Another Perspective on the FY 20 Tea Leaves

November 1, 2019

Last week’s Analysis and Commentary explored why the 302(b) subcommittee allocations are the key to moving FY 20 appropriations bills forward. … READ MORE …

Advocacy at a Glance

November 1, 2019

TOP LINE: The Senate moved forward on a FY 20 minibus funding bill that includes Ag/FDA, but progress beyond that appears to be blocked. … READ MORE …

Establishing Order: The Chickens and the Eggs

October 25, 2019

Despite the substantive and political complexity of this year’s budget fight, it all comes down to whether Congress can reach an agreement on 302(b) subcommittee spending allocations. … READ MORE …

Advocacy at a Glance

October 25, 2019

Final Senate Action on “Domestic” Minibus (Including Ag/FDA) Set for Next Week. … READ MORE …

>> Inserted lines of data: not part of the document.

(* Let $(M^n,g_{ij},F)$, $n\ge 3$, be a gradient shrinking or expanding Ricci soliton, i.e. $R_{ij}=\nabla_i\nabla_jF+\rho g_{ij}$ with $\rho=1/2$ (shrinking) or $\rho=-1/2$ (expanding), with vanishing Weyl tensor $W_{ijkl}=0$. Let $G_\rho=|\nabla F|^2+2\rho F$. Then the Cotton tensor satisfies $$ |C_{ijk}|^2=\frac{1}{(n-2)^2}\Big(|R_{ik} \nabla_j F - R_{ij} \nabla_k F|^2-\frac{2}{n-1} \big|R\nabla F-\tfrac{1}{2}\nabla G_{\rho}\big|^2\Big).$$
   Context: $R$ is the scalar curvature. The Cotton tensor is $C_{ijk}=\nabla_k R_{ij}-\nabla_j R_{ik}-\frac{1}{2(n-1)}(g_{ij}\nabla_k R-g_{ik}\nabla_j R)$. Norms of tensors are full contractions with the metric. *)

theory Defs
  imports "HOL-Analysis.Analysis"
begin

(* Local coordinate description of a Riemannian manifold: an open chart
   U \<subseteq> R^n (n = CARD('n)), coordinates indexed by the finite type 'n,
   metric components g i j : U \<rightarrow> R. *)

definition pd :: "'n::finite \<Rightarrow> (real^'n \<Rightarrow> real) \<Rightarrow> real^'n \<Rightarrow> real" where
  "pd i f x = frechet_derivative f (at x) (axis i 1)"

fun pds :: "'n::finite list \<Rightarrow> (real^'n \<Rightarrow> real) \<Rightarrow> real^'n \<Rightarrow> real" where
  "pds [] f = f"
| "pds (k # ks) f = pd k (pds ks f)"

definition smooth_on :: "(real^'n::finite) set \<Rightarrow> (real^'n \<Rightarrow> real) \<Rightarrow> bool" where
  "smooth_on U f \<longleftrightarrow> (\<forall>ks. pds ks f differentiable_on U)"

definition gmat :: "('n::finite \<Rightarrow> 'n \<Rightarrow> real^'n \<Rightarrow> real) \<Rightarrow> real^'n \<Rightarrow> real^'n^'n" where
  "gmat g x = (\<chi> i j. g i j x)"

definition ginv :: "('n::finite \<Rightarrow> 'n \<Rightarrow> real^'n \<Rightarrow> real) \<Rightarrow> 'n \<Rightarrow> 'n \<Rightarrow> real^'n \<Rightarrow> real" where
  "ginv g i j x = matrix_inv (gmat g x) $ i $ j"

definition is_metric :: "(real^'n::finite) set \<Rightarrow> ('n \<Rightarrow> 'n \<Rightarrow> real^'n \<Rightarrow> real) \<Rightarrow> bool" where
  "is_metric U g \<longleftrightarrow> open U \<and> (\<forall>i j. smooth_on U (g i j))
     \<and> (\<forall>x\<in>U. \<forall>i j. g i j x = g j i x)
     \<and> (\<forall>x\<in>U. \<forall>v. v \<noteq> 0 \<longrightarrow> v \<bullet> (gmat g x *v v) > 0)"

Is Another Shutdown a Real Possibility?

October 19, 2019

House and Senate leadership, particularly on the appropriations committees, would like nothing better than to pass appropriations bills before the CR runs out on November 21. The odds were never good, but have grown steeper with reports that little or no progress has been made during the two-week congressional recess.

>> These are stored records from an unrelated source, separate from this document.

theorem corollary3p9:
  fixes Phi :: "real \<times> real \<Rightarrow> complex^2"
  assumes "smooth Phi"
    and "parallel Phi (\<lambda>(x, y). Hsol x) \<i>"
    and "(\<exists>C. AE p in lborel. norm (exp (- fst p / 2) *\<^sub>R Phi p) \<le> C)
         \<or> (\<exists>C. AE p in lborel. norm (exp (fst p / 2) *\<^sub>R Phi p) \<le> C)"
  shows "(\<exists>c::complex. \<exists>j::2. \<forall>x y. Phi (x, y) = c *s column j (PhiH x y \<i>))
         \<and> (\<exists>a b::complex. (a, b) \<noteq> (0, 0) \<and>
              (\<forall>x y. a *s column 1 (PhiH x y \<i>) + b *s column 2 (PhiH x y \<i>) = 0))"
proof -
  have "continuous_on UNIV Phi"
    using assms(1) unfolding smooth_def by (metis Ck.simps(1))
  moreover obtain s C where "AE p in lborel. norm (exp (s * fst p) *\<^sub>R Phi p) \<le> C"
    using assms(3)
  proof (elim disjE exE)
    fix C assume "AE p in lborel. norm (exp (- fst p / 2) *\<^sub>R Phi p) \<le> C"
    then have "AE p in lborel. norm (exp ((- 1 / 2) * fst p) *\<^sub>R Phi p) \<le> C" by simp
    then show thesis by (rule that)
  next
    fix C assume "AE p in lborel. norm (exp (fst p / 2) *\<^sub>R Phi p) \<le> C"
    then have "AE p in lborel. norm (exp ((1 / 2) * fst p) *\<^sub>R Phi p) \<le> C" by simp
    then show thesis by (rule that)
  qed
  ultimately have "\<exists>M. \<forall>y. norm (Phi (x, y)) \<le> M" for x
    by (rule bounded_on_vertical_lines_if_AE_weighted_bound)
  then have "\<forall>x y. Phi (x, y) = (2 * Phi (0, 0) $ 2) *s column 2 (PhiH x y \<i>)"
    using parallel_kink_i_eq_column[OF assms(2)] by blast
  moreover have "(1::complex, 1::complex) \<noteq> (0, 0)
      \<and> (\<forall>x y. (1::complex) *s column 1 (PhiH x y \<i>) + 1 *s column 2 (PhiH x y \<i>) = 0)"
    using columns_PhiH_i_dependent by simp
  ultimately show ?thesis by blast
qed

end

If needed, the next CR would probably extend four more weeks until December 19. Failing resolution by that date, then a subsequent CR would probably extend to February 15 or a similar date that provides more time for negotiations after New Year’s. At some point, Congress could decide that resolution is not possible and pass full-year CRs for all or part of the federal government. (As we have reported earlier, a full-year CR is not a good outcome for FDA.)

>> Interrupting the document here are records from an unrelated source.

(* Let $\mathbb K$ be a field with $\operatorname{char}(\mathbb K)=0$, let $n\ge2$, and let $\mathcal G_n$, $\mathcal N_{0,n}$ and $U_m(z_g)$ be as in the context. Suppose $f\in A_{\mathbb K}(\mathcal G_n)$ has the form $$f=\sum_{g\in\mathcal N_{0,n}}c_g1_{U_m(z_g)}\qquad\text{for some }c_g\in\mathbb K\text{ and }m\in\mathbb N.$$ Then $f$ belongs to the ideal $S_{\mathbb K}(\mathcal G_n)$ of singular functions if and only if $f$ is the zero function.
   Context: Let $X=\{\mathbf 0,\mathbf 1\}$, $X^*$ the finite words (with empty word $\varnothing$), $X^\omega$ the infinite words, $C(\eta)=\{\eta w:w\in X^\omega\}$, $\mathbf 1^m$ and $\mathbf 1^\infty$ the finite/infinite words of ones. Fix $n\ge2$, a primitive polynomial $f_n$ of degree $n$ over $\mathbb F_2$ with root $\alpha$, and $\operatorname{Tr}(\beta)=\beta+\beta^2+\dots+\beta^{2^{n-1}}\in\mathbb F_2$. $\mathfrak G_n$ is the group of automorphisms of the binary rooted tree $X^*$ generated by $a$ ($a\cdot(\mathbf 0w)=\mathbf 1w$, $a\cdot(\mathbf 1w)=\mathbf 0w$) and $\iota_n(\beta)$, $\beta\in\mathbb F_{2^n}$, where $\iota_n(\beta)\cdot(\mathbf 0w)=\mathbf 0(a^{\operatorname{Tr}(\beta)}\cdot w)$, $\iota_n(\beta)\cdot(\mathbf 1w)=\mathbf 1(\iota_n(\alpha\beta)\cdot w)$; restrictions $g|_x$ are given by $g\cdot(xw)=(g\cdot x)(g|_x\cdot w)$. $\mathcal N_{0,n}=\iota_n(\mathbb F_{2^n})$, $e=\iota_n(0)$. $\mathcal G_n$ is the groupoid of germs of the action of the inverse semigroup $\{(\eta,g,\mu)\}\cup\{0\}$ on $X^\omega$ with $(\eta,g,\mu):C(\mu)\to C(\eta)$, $\mu w\mapsto\eta(g\cdot w)$; germs $[(\eta,g,\mu),w]$, $w\in C(\mu)$, with $[(\eta,g,\mu),w]=[(\eta',g',\mu'),w']$ iff $w=w'$ and some finite prefix $\nu=\mu\epsilon=\mu'\epsilon'$ of $w$ satisfies $\eta(g\cdot\epsilon)=\eta'(g'\cdot\epsilon')$ and $g|_\epsilon=g'|_{\epsilon'}$; basic open bisections $\Theta(s,U)=\{[s,w]:w\in U\}$. It is a second countable ample groupoid with Hausdorff unit space $X^\omega$. For $g\in\mathfrak G_n$, $z_g=[(\varnothing,g,\varnothing),\mathbf 1^\infty]$ and $U_m(z_g)=\Theta((\varnothing,g,\varnothing),C(\mathbf 1^m))$. $A_{\mathbb K}(\mathcal G_n)$ is the Steinberg algebra: the $\mathbb K$-span of characteristic functions of compact open bisections, with convolution. A function $f\in A_{\mathbb K}(\mathcal G_n)$ is singular if $f=\sum_{i=1}^N c_i1_{S_i}$ where each $S_i$ is a relatively closed subset of some open bisection and has empty interior; equivalently, $\operatorname{supp}(f)=\{x:f(x)\neq0\}$ has empty interior. The singular functions form an ideal $S_{\mathbb K}(\mathcal G_n)$. *)

theory Defs
  imports "HOL-Analysis.Analysis"
begin

text \<open>Letters: False = 0, True = 1. Finite words: bool list. Infinite words: nat \<Rightarrow> bool.\<close>

definition trace :: "nat \<Rightarrow> 'a::field \<Rightarrow> 'a" where
  "trace n b = (\<Sum>i<n. b ^ (2 ^ i))"

fun flipA :: "bool list \<Rightarrow> bool list" where
  "flipA [] = []"
| "flipA (x # w) = (\<not> x) # w"

fun iota :: "nat \<Rightarrow> 'a::field \<Rightarrow> 'a \<Rightarrow> bool list \<Rightarrow> bool list" where
  "iota n al b [] = []"
| "iota n al b (False # w) = False # (if trace n b = 1 then flipA w else w)"
| "iota n al b (True # w) = True # iota n al (al * b) w"

inductive_set TG :: "nat \<Rightarrow> 'a::field \<Rightarrow> (bool list \<Rightarrow> bool list) set"
  for n :: nat and al :: "'a" where
  TG_id: "id \<in> TG n al"
| TG_a: "g \<in> TG n al \<Longrightarrow> flipA \<circ> g \<in> TG n al"
| TG_iota: "g \<in> TG n al \<Longrightarrow> iota n al b \<circ> g \<in> TG n al"
| TG_iota_inv: "g \<in> TG n al \<Longrightarrow> inv (iota n al b) \<circ> g \<in> TG n al"

definition N0 :: "nat \<Rightarrow> 'a::field \<Rightarrow> (bool list \<Rightarrow> bool list) set" where
  "N0 n al = range (iota n al)"

definition cyl :: "bool list \<Rightarrow> (nat \<Rightarrow> bool) set" where
  "cyl \<mu> = {w. \<forall>i<length \<mu>. w i = \<mu> ! i}"

definition pref :: "(nat \<Rightarrow> bool) \<Rightarrow> nat \<Rightarrow> bool list" where
  "pref w k = map w [0..<k]"

definition cantor_open :: "(nat \<Rightarrow> bool) set \<Rightarrow> bool" where
  "cantor_open U \<longleftrightarrow> (\<forall>w\<in>U. \<exists>k. cyl (pref w k) \<subseteq> U)"

definition restr :: "(bool list \<Rightarrow> bool list) \<Rightarrow> bool list \<Rightarrow> bool list \<Rightarrow> bool list" where
  "restr g \<epsilon> = (\<lambda>v. drop (length \<epsilon>) (g (\<epsilon> @ v)))"

type_synonym trip = "bool list \<times> (bool list \<Rightarrow> bool list) \<times> bool list"
type_synonym germ = "(trip \<times> (nat \<Rightarrow> bool)) set"

definition germ_rel :: "trip \<times> (nat \<Rightarrow> bool) \<Rightarrow> trip \<times> (nat \<Rightarrow> bool) \<Rightarrow> bool" where
  "germ_rel p q = (case p of ((\<eta>, g, \<mu>), w) \<Rightarrow> case q of ((\<eta>', g', \<mu>'), w') \<Rightarrow>
     w = w' \<and> w \<in> cyl \<mu> \<and> w' \<in> cyl \<mu>' \<and>
     (\<exists>\<epsilon> \<epsilon>'. \<mu> @ \<epsilon> = \<mu>' @ \<epsilon>' \<and> w \<in> cyl (\<mu> @ \<epsilon>) \<and>
        \<eta> @ g \<epsilon> = \<eta>' @ g' \<epsilon>' \<and> restr g \<epsilon> = restr g' \<epsilon>'))"

text \<open>The germ [s,w], as the class of all (s',w') (with s' in the inverse semigroup) equivalent to it.\<close>
definition germ :: "nat \<Rightarrow> 'a::field \<Rightarrow> trip \<Rightarrow> (nat \<Rightarrow> bool) \<Rightarrow> germ" where
  "germ n al s w = {q. fst (snd (fst q)) \<in> TG n al \<and> germ_rel (s, w) q}"

definition Theta :: "nat \<Rightarrow> 'a::field \<Rightarrow> trip \<Rightarrow> (nat \<Rightarrow> bool) set \<Rightarrow> germ set" where
  "Theta n al s U = (\<lambda>w. germ n al s w) ` U"

definition basic_bisections :: "nat \<Rightarrow> 'a::field \<Rightarrow> germ set set" where
  "basic_bisections n al = {Theta n al (\<eta>, g, \<mu>) U | \<eta> g \<mu> U.
      g \<in> TG n al \<and> cantor_open U \<and> U \<subseteq> cyl \<mu>}"

text \<open>The groupoid of germs G_n with its topology (carrier = all germs).\<close>
definition germ_top :: "nat \<Rightarrow> 'a::field \<Rightarrow> germ topology" where
  "germ_top n al = topology_generated_by (basic_bisections n al)"

definition Uset :: "nat \<Rightarrow> 'a::field \<Rightarrow> nat \<Rightarrow> (bool list \<Rightarrow> bool list) \<Rightarrow> germ set" where
  "Uset n al m g = Theta n al ([], g, []) (cyl (replicate m True))"

definition singular :: "nat \<Rightarrow> 'a::field \<Rightarrow> (germ \<Rightarrow> 'k::zero) \<Rightarrow> bool" where
  "singular n al f \<longleftrightarrow>
     (germ_top n al) interior_of {x \<in> topspace (germ_top n al). f x \<noteq> 0} = {}"

end

theory Submission
  imports Defs "HOL-Computational_Algebra.Polynomial"
begin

However, there are strong countervailing pressures on Congress to keep talking and not to declare the process futile. Notably, failure on FY 20 funding makes it virtually certain that FY 21 will be funded on a Continuing Resolution through February 15 or March 31, 2021. That is, if FY 20 can’t be resolved, the appropriations process is broken until after the 2020 elections and the convening of the new Congress. Eighteen months of government funding by CR would leave both parties (and the nation) with an enormous set of uncertainties.

All of this suggests extended, undoubtedly painful negotiations, probably over months. However, on October 17, the Washington Post speculated that a shutdown is a possibility and might occur when the current CR expires on November 21. The key sentences from the WP story:

Trump is not interested in signing other domestic spending bills until there is agreement on the border wall, according to a senior administration official …. Funding for many federal agencies expires Nov. 21, and an impasse would lead to a sizable government shutdown, bigger in scope than what happened less than one year ago.

While a shutdown is always a possibility when a Continuing Resolution comes to an end, the consequences are so drastic that it is rarely seen as an acceptable or likely option. Even in the face of this provocative news story, it is easier to imagine this is saber-rattling on the part of the Administration rather than a serious threat. However, as last winter’s shutdown demonstrated, anything can happen in the current political environment. The possibility of the Administration forcing a shutdown cannot be dismissed as an idle threat.

While taking it seriously, there would seem to be two strong arguments for why a shutdown is unlikely to occur in November. First, shutdowns are not popular, and the White House and Congressional Republicans must anticipate taking the blame, as they did last winter. The closer we get to November 21, the more we would expect Republicans to urge the President to defer any drastic actions until a subsequent CR.

Secondly, the consequences of a shutdown in November would be far more extreme than last winter. At that time, both Defense and Labor-HHS bills had already become law, meaning that 70% of all federal discretionary spending was not affected. The more federal funds that are impacted, the greater the likelihood that taxpayers and voters will feel the consequences of a shutdown personally. Further, the Pentagon and defense industries are a strong lobbying force that was not involved in the prior shutdown.

Recognizing the already-demonstrated negative impact of an FDA shutdown, the Alliance will continue to monitor this situation closely and report to the stakeholder community through the Friday Update and, as needed, other means.